We're using `TfidfVectorizer` to convert our document to a matrix of TF-IDF features. 

`TfidVec = TfidfVectorizer(tokenizer = lem_normalize, stop_words = 'english')` By supplying the `tokenizer` as `lem_normalize`, we're overriding its default way of lemmatizing tokens. As mentioned above, there are some words in English like `what` `is` that are of low importance and should be ignored while generating a response. `stop_words` contains an extensive list of such words in English. These words will be assigned a lowest value of 0 in the resulting TF-IDF matrix. Now that we initialized our `TfidVec`, we'll be providing it our document. 
`tfidf = TfidVec.fit_transform(sentence_tokens)` returns a tf-idf matrix. 
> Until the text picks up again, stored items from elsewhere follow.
lemma card_neighbours_in_eq_if_factor_connected:
  assumes sp: "split_graph V E K I" and simple: "factor_simple V E I"
    and "factor_connected V E I" "u \<in> I" "v \<in> I"
  shows "card (neighbours_in E K u) = card (neighbours_in E K v)"
proof -
  have "(factor_adj V E I)\<^sup>*\<^sup>* u v"
    using assms(3-5) unfolding factor_connected_def by blast
  then show ?thesis
  proof (induction rule: rtranclp_induct)
    case (step v w)
    then show ?case
      using card_neighbours_in_eq_if_factor_adj[OF sp simple] by simp
  qed simp
qed

lemma card_private_neighbours_eq:
  assumes sp: "split_graph V E K I" and "factor_simple V E I" "factor_connected V E I" "u \<in> I" "v \<in> I"
  shows "card (neighbours_in E K u - neighbours_in E K v) = card (neighbours_in E K v - neighbours_in E K u)"
  using card_neighbours_in_eq_if_factor_connected[OF assms] card_Diff_eq_card_Diff_iff
    finite_neighbours_in split_graph_finite(1)[OF sp] by metis

lemma card_private_neighbours_le_one:
  assumes sp: "split_graph V E K I" and simple: "factor_simple V E I"
    and conn: "factor_connected V E I" and uv: "u \<in> I" "v \<in> I"
  shows "card (neighbours_in E K u - neighbours_in E K v) \<le> 1"
proof (cases "u = v")
  case False
  let ?d = "card (neighbours_in E K u - neighbours_in E K v)"
  have "?d \<le> ?d * ?d"
    by (rule le_square)
  also have "\<dots> = sigma V E u v"
    using sigma_split_graph[OF sp uv False] card_private_neighbours_eq[OF sp simple conn uv] by simp
  also have "\<dots> \<le> 1"
    using simple uv False unfolding factor_simple_def by blast
  finally show ?thesis .
qed simp

lemma neighbours_in_eq_if_not_factor_adj:
  assumes sp: "split_graph V E K I" and simple: "factor_simple V E I"
    and conn: "factor_connected V E I" and uv: "u \<in> I" "v \<in> I"
    and "\<not> factor_adj V E I u v"
  shows "neighbours_in E K u = neighbours_in E K v"
proof (cases "u = v")
  case False
  then have "sigma V E u v = 0"
    using assms(6) uv unfolding factor_adj_def by simp
  then have "card (neighbours_in E K u - neighbours_in E K v) = 0"
    "card (neighbours_in E K v - neighbours_in E K u) = 0"
    using sigma_split_graph[OF sp uv False] card_private_neighbours_eq[OF sp simple conn uv] by simp_all
  then show ?thesis
    using finite_neighbours_in[OF split_graph_finite(1)[OF sp]] by (simp add: Diff_eq_empty_iff)
qed simp
(* For each sign $\pm$, the family $\{q^{\pm}_{\boldsymbol\lambda}(x;\mathbf t)\mid \boldsymbol\lambda\in\mathcal P_{n,r}\}$ is a $\mathbb Q(\mathbf t)$-basis of $\Xi^n_{\mathbb Q}(\mathbf t)$.
   Context: Fix an integer $r\ge 2$. Let $x=(x^{(1)},\dots,x^{(r)})$, where each $x^{(k)}=(x^{(k)}_1,x^{(k)}_2,\dots)$ is an infinite family of commuting indeterminates; upper indices $k$ are read modulo $r$ with representatives in $\{1,\dots,r\}$. Let $\Xi=\Lambda(x^{(1)})\otimes_{\mathbb Z}\cdots\otimes_{\mathbb Z}\Lambda(x^{(r)})$ be the ring of symmetric functions (integer coefficients, bounded degree) symmetric in each family $x^{(k)}$ separately, and $\Xi^n$ its homogeneous part of total degree $n$. Let $\mathbf t=(t_1,\dots,t_r)$ be indeterminates, lower indices of $t$ read modulo $r$ in $\{1,\dots,r\}$ (so $t_0$ means $t_r$); $\Xi^n[\mathbf t]=\mathbb Z[\mathbf t]\otimes\Xi^n$, $\Xi^n_{\mathbb Q}(\mathbf t)=\mathbb Q(\mathbf t)\otimes\Xi^n$. $\mathcal P_{n,r}$ is the set of $r$-tuples $\boldsymbol\lambda=(\lambda^{(1)},\dots,\lambda^{(r)})$ of partitions with $\sum_k|\lambda^{(k)}|=n$. For an indeterminate $t$, $k\in\mathbb Z/r\mathbb Z$ and $s\ge 0$, define $q^{(k)}_{s,\pm}(x;t)$ by the generating function $\sum_{s\ge0}q^{(k)}_{s,\pm}(x;t)u^s=\prod_{i\ge1}\frac{1-tux^{(k\mp1)}_i}{1-ux^{(k)}_i}$ (so $q^{(k)}_{0,\pm}=1$). For $\boldsymbol\lambda\in\mathcal P_{n,r}$ put $q^{+}_{\boldsymbol\lambda}(x;\mathbf t)=\prod_{k=1}^r\prod_{i\ge1}q^{(k)}_{\lambda^{(k)}_i,+}(x;t_{k-1})$ and $q^{-}_{\boldsymbol\lambda}(x;\mathbf t)=\prod_{k=1}^r\prod_{i\ge1}q^{(k)}_{\lambda^{(k)}_i,-}(x;t_{k})$. *)

theory Defs
  imports Complex_Main "HOL-Library.Poly_Mapping" "HOL-Computational_Algebra.Fraction_Field"
begin
definition complex_linear :: "(complex \<Rightarrow> 'a::ring_1 \<Rightarrow> 'a) \<Rightarrow> (complex \<Rightarrow> 'b::ring_1 \<Rightarrow> 'b) \<Rightarrow> ('a \<Rightarrow> 'b) \<Rightarrow> bool" where
  "complex_linear smA smB f \<longleftrightarrow>
     (\<forall>x y. f (x + y) = f x + f y) \<and> (\<forall>c x. f (smA c x) = smB c (f x))"

definition state :: "(complex \<Rightarrow> 'a::ring_1 \<Rightarrow> 'a) \<Rightarrow> ('a \<Rightarrow> 'a) \<Rightarrow> ('a \<Rightarrow> complex) \<Rightarrow> bool" where
  "state sm st \<phi> \<longleftrightarrow>
     complex_linear sm (*) \<phi> \<and>
     (\<forall>x. Im (\<phi> (st x * x)) = 0 \<and> Re (\<phi> (st x * x)) \<ge> 0) \<and>
     \<phi> 1 = 1"

text \<open>A *-dynamical system (A, phi, tau). Since phi is a state, both sides of the
Schwarz-type inequality are nonnegative reals, so comparing real parts is exact.\<close>
definition star_dynamical_system ::
  "(complex \<Rightarrow> 'a::ring_1 \<Rightarrow> 'a) \<Rightarrow> ('a \<Rightarrow> 'a) \<Rightarrow> ('a \<Rightarrow> complex) \<Rightarrow> ('a \<Rightarrow> 'a) \<Rightarrow> bool" where
  "star_dynamical_system sm st \<phi> \<tau> \<longleftrightarrow>
     unital_star_algebra sm st \<and> state sm st \<phi> \<and>
     complex_linear sm sm \<tau> \<and> \<tau> 1 = 1 \<and>
     (\<forall>x. Re (\<phi> (st (\<tau> x) * \<tau> x)) \<le> Re (\<phi> (st x * x)))"

definition relatively_dense :: "nat set \<Rightarrow> bool" where
  "relatively_dense E \<longleftrightarrow> (\<exists>n::nat. n \<ge> 1 \<and> (\<forall>j::nat. j \<ge> 1 \<longrightarrow> E \<inter> {j..<j+n} \<noteq> {}))"

end

(* The state makes the algebra a semi-inner product space, <a, b> = phi (a* b), on which tau
   is a linear contraction fixing the unit vector 1.  In such a space let w nearly minimise the
   seminorm on the convex hull of the orbit of x.  By the parallelogram law w is almost invariant
   under the Cesaro means M_j,n = (1/n) sum_{k<n} T^(j+k), and M_j,n x - M_j,n w = O(1/n)
   uniformly in j, so for one n all M_j,n x lie close to w.  Minimality gives Re <x, w> >~ |w|^2,
   and |w|^2 >= |<1, w>|^2 = |phi x|^2 because a contraction fixing 1 preserves <1, .>.  Hence
   every window of n consecutive k contains one with Re <x, T^k x> > |phi x|^2 - eps.  The near
   minimiser stands in for the projection onto the invariant vectors in the mean ergodic
   theorem, so no completeness is needed. *)

theory Submission
  imports Defs
begin

lemma exists_inverse_square_le:
  assumes "\<eta> > 0"
  obtains n :: nat where "n \<ge> 1" and "K / (real n)\<^sup>2 \<le> \<eta>"
proof -
  define c where "c = max 0 K"
  obtain m :: nat where "c / \<eta> < real m"
    using reals_Archimedean2 by blast
  then have "c < \<eta> * real m"
    using assms by (simp add: pos_divide_less_eq mult.commute)
  also have "\<dots> \<le> \<eta> * real (Suc m)"
    using assms by simp
  finally have "c / real (Suc m) \<le> \<eta>"
    by (simp add: pos_divide_le_eq mult.commute)
  moreover have "K / (real (Suc m))\<^sup>2 \<le> c / real (Suc m)"
    by (rule frac_le) (auto simp: c_def power2_eq_square)
  ultimately show ?thesis
    using that[of "Suc m"] by simp
qed

lemma exists_gt_of_mean_gt:
  fixes f :: "nat \<Rightarrow> real"
  assumes "n \<ge> 1" and "(\<Sum>k<n. f k) / real n > c"
  shows "\<exists>k<n. f k > c"
proof (rule ccontr)
  assume "\<not> (\<exists>k<n. f k > c)"
  then have "(\<Sum>k<n. f k) \<le> (\<Sum>k<n. c)"
    by (intro sum_mono) (meson lessThan_iff not_less)
  then show False
    using assms by (simp add: pos_less_divide_eq mult.commute)
qed

lemma relatively_dense_intro:
  assumes "n \<ge> 1" and "\<And>j. \<exists>k<n. P (j + k)"
  shows "relatively_dense {k. k \<ge> 1 \<and> P k}"
  unfolding relatively_dense_def
proof (intro exI[of _ n] conjI allI impI)
  fix j :: nat
  assume "j \<ge> 1"
  moreover obtain k where "k < n" "P (j + k)"
    using assms(2) by blast
  ultimately have "j + k \<in> {k. k \<ge> 1 \<and> P k} \<inter> {j..<j + n}"
    by simp
  then show "{k. k \<ge> 1 \<and> P k} \<inter> {j..<j + n} \<noteq> {}"
    by blast
qed (fact assms(1))

lemma relatively_dense_mono: "relatively_dense E \<Longrightarrow> E \<subseteq> F \<Longrightarrow> relatively_dense F"
  unfolding relatively_dense_def by blast

locale semi_inner_space = module scale
  for scale :: "complex \<Rightarrow> 'a::ab_group_add \<Rightarrow> 'a" (infixr \<open>*s\<close> 75) +
  fixes inner :: "'a \<Rightarrow> 'a \<Rightarrow> complex"
  assumes inner_add_left: "inner (x + y) z = inner x z + inner y z"
    and inner_add_right: "inner x (y + z) = inner x y + inner x z"
    and inner_scale_left: "inner (c *s x) y = cnj c * inner x y"
    and inner_scale_right: "inner x (c *s y) = c * inner x y"
    and inner_self_real: "Im (inner x x) = 0"
    and inner_self_nonneg: "0 \<le> Re (inner x x)"
begin

lemma additive_inner_left: "additive (\<lambda>x. inner x y)"
  by unfold_locales (rule inner_add_left)

lemma additive_inner_right: "additive (inner x)"
  by unfold_locales (rule inner_add_right)

lemmas inner_diff_left = additive.diff[OF additive_inner_left]
  and inner_diff_right = additive.diff[OF additive_inner_right]
  and inner_sum_right = additive.sum[OF additive_inner_right]

lemma inner_commute: "inner y x = cnj (inner x y)"
proof -
  have "Im (inner (x + y) (x + y)) = 0" "Im (inner (x + \<i> *s y) (x + \<i> *s y)) = 0"
    by (rule inner_self_real)+
  then have "Im (inner x y) + Im (inner y x) = 0" "Re (inner x y) - Re (inner y x) = 0"
    by (simp_all add: inner_add_left inner_add_right inner_scale_left inner_scale_right inner_self_real)
  then show ?thesis by (simp add: complex_eq_iff)
qed

lemma Re_inner_commute: "Re (inner y x) = Re (inner x y)"
  by (subst inner_commute) simp

definition norm2 :: "'a \<Rightarrow> real" where
  "norm2 x = Re (inner x x)"

lemma norm2_nonneg: "0 \<le> norm2 x"
  unfolding norm2_def by (rule inner_self_nonneg)

lemma norm2_zero [simp]: "norm2 0 = 0"
  by (simp add: norm2_def additive.zero[OF additive_inner_right])

lemma norm2_add: "norm2 (x + y) = norm2 x + 2 * Re (inner x y) + norm2 y"
  using Re_inner_commute[of x y] unfolding norm2_def by (simp add: inner_add_left inner_add_right)

lemma norm2_diff: "norm2 (x - y) = norm2 x - 2 * Re (inner x y) + norm2 y"
  using Re_inner_commute[of x y] unfolding norm2_def by (simp add: inner_diff_left inner_diff_right)

lemma norm2_scale: "norm2 (c *s x) = (cmod c)\<^sup>2 * norm2 x"
proof -
  have "inner (c *s x) (c *s x) = (c * cnj c) * inner x x"
    by (simp add: inner_scale_left inner_scale_right ac_simps)
  also have "c * cnj c = of_real ((cmod c)\<^sup>2)"
    by (rule complex_norm_square[symmetric])
  finally have "inner (c *s x) (c *s x) = of_real ((cmod c)\<^sup>2) * inner x x" .
  then show ?thesis unfolding norm2_def by simp
qed

lemma norm2_of_real_scale: "norm2 (of_real r *s x) = r\<^sup>2 * norm2 x"
  by (simp add: norm2_scale)

lemma norm2_parallelogram: "norm2 (x + y) + norm2 (x - y) = 2 * norm2 x + 2 * norm2 y"
  by (simp add: norm2_add norm2_diff)

lemma norm2_add_le: "norm2 (x + y) \<le> 2 * norm2 x + 2 * norm2 y"
  using norm2_parallelogram[of x y] norm2_nonneg[of "x - y"] by linarith

lemma norm2_diff_le: "norm2 (x - y) \<le> 2 * norm2 x + 2 * norm2 y"
  using norm2_parallelogram[of x y] norm2_nonneg[of "x + y"] by linarith

lemma norm2_convex:
  assumes "0 \<le> t" "t \<le> 1"
  shows "norm2 (of_real t *s x + of_real (1 - t) *s y) \<le> t * norm2 x + (1 - t) * norm2 y"
proof -
  have "norm2 (of_real t *s x + of_real (1 - t) *s y)
      = t\<^sup>2 * norm2 x + 2 * t * (1 - t) * Re (inner x y) + (1 - t)\<^sup>2 * norm2 y"
    by (simp add: norm2_add norm2_of_real_scale inner_scale_left inner_scale_right del: of_real_diff)
  then have "t * norm2 x + (1 - t) * norm2 y - norm2 (of_real t *s x + of_real (1 - t) *s y)
      = t * (1 - t) * norm2 (x - y)"
    by (simp add: norm2_diff algebra_simps power2_eq_square)
  moreover have "0 \<le> t * (1 - t) * norm2 (x - y)"
    using assms norm2_nonneg by simp
  ultimately show ?thesis by linarith
qed

lemma two_Re_inner_ge:
  assumes "r > 0"
  shows "- (r * norm2 x + norm2 y / r) \<le> 2 * Re (inner x y)"
proof -
  have "0 \<le> norm2 (of_real r *s x + y)" by (rule norm2_nonneg)
  also have "\<dots> = r\<^sup>2 * norm2 x + 2 * r * Re (inner x y) + norm2 y"
    by (simp add: norm2_add norm2_of_real_scale inner_scale_left)
  also have "\<dots> = r * (r * norm2 x + 2 * Re (inner x y) + norm2 y / r)"
    using assms by (simp add: field_simps power2_eq_square)
  finally show ?thesis
    using assms by (simp add: zero_le_mult_iff)
qed

lemma cmod_inner_unit_le:
  assumes "norm2 e = 1"
  shows "(cmod (inner e x))\<^sup>2 \<le> norm2 x"
proof -
  define c where "c = inner e x"
  have "0 \<le> norm2 (x - c *s e)" by (rule norm2_nonneg)
  also have "\<dots> = norm2 x - 2 * Re (c * cnj c) + (cmod c)\<^sup>2"
    using assms by (simp add: norm2_diff norm2_scale inner_scale_right inner_commute[of e x] c_def)
  also have "Re (c * cnj c) = (cmod c)\<^sup>2"
    by (metis Re_complex_of_real complex_norm_square)
  finally show ?thesis unfolding c_def by simp
qed

lemma convex_combination_diff:
  "of_real t *s x + of_real (1 - t) *s y - z = of_real t *s (x - z) + of_real (1 - t) *s (y - z)"
  by (simp add: algebra_simps)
Next, `values = cosine_similarity(tfidf[-1], tfidf)`. `cosine_similarity` takes in two TF-IDF vectors and computes similarity between these two. The two arguments provided to `cosine_similarity` here are `tfidf[-1]` - The last element in our tfidf matrix (Remember we've appended the user's question to our sentence_tokens, that's the first argument) and `tfidf` is the entire matrix. `cosine_similarity` measures the cosine of the angle between these two vectors. It takes into consideration the orientation of the vectors and not their magnitude. An orintation of 0 degrees means the vectors are parallel and this would result in cosine of 0 deg as 1, which suggests that the vectors are similar. Cosine of positive space would result in values from 0 to 1. So, two vectors that are 90deg apart would result in cosine of 0 and that suggests there is nothing common in these two vectors. 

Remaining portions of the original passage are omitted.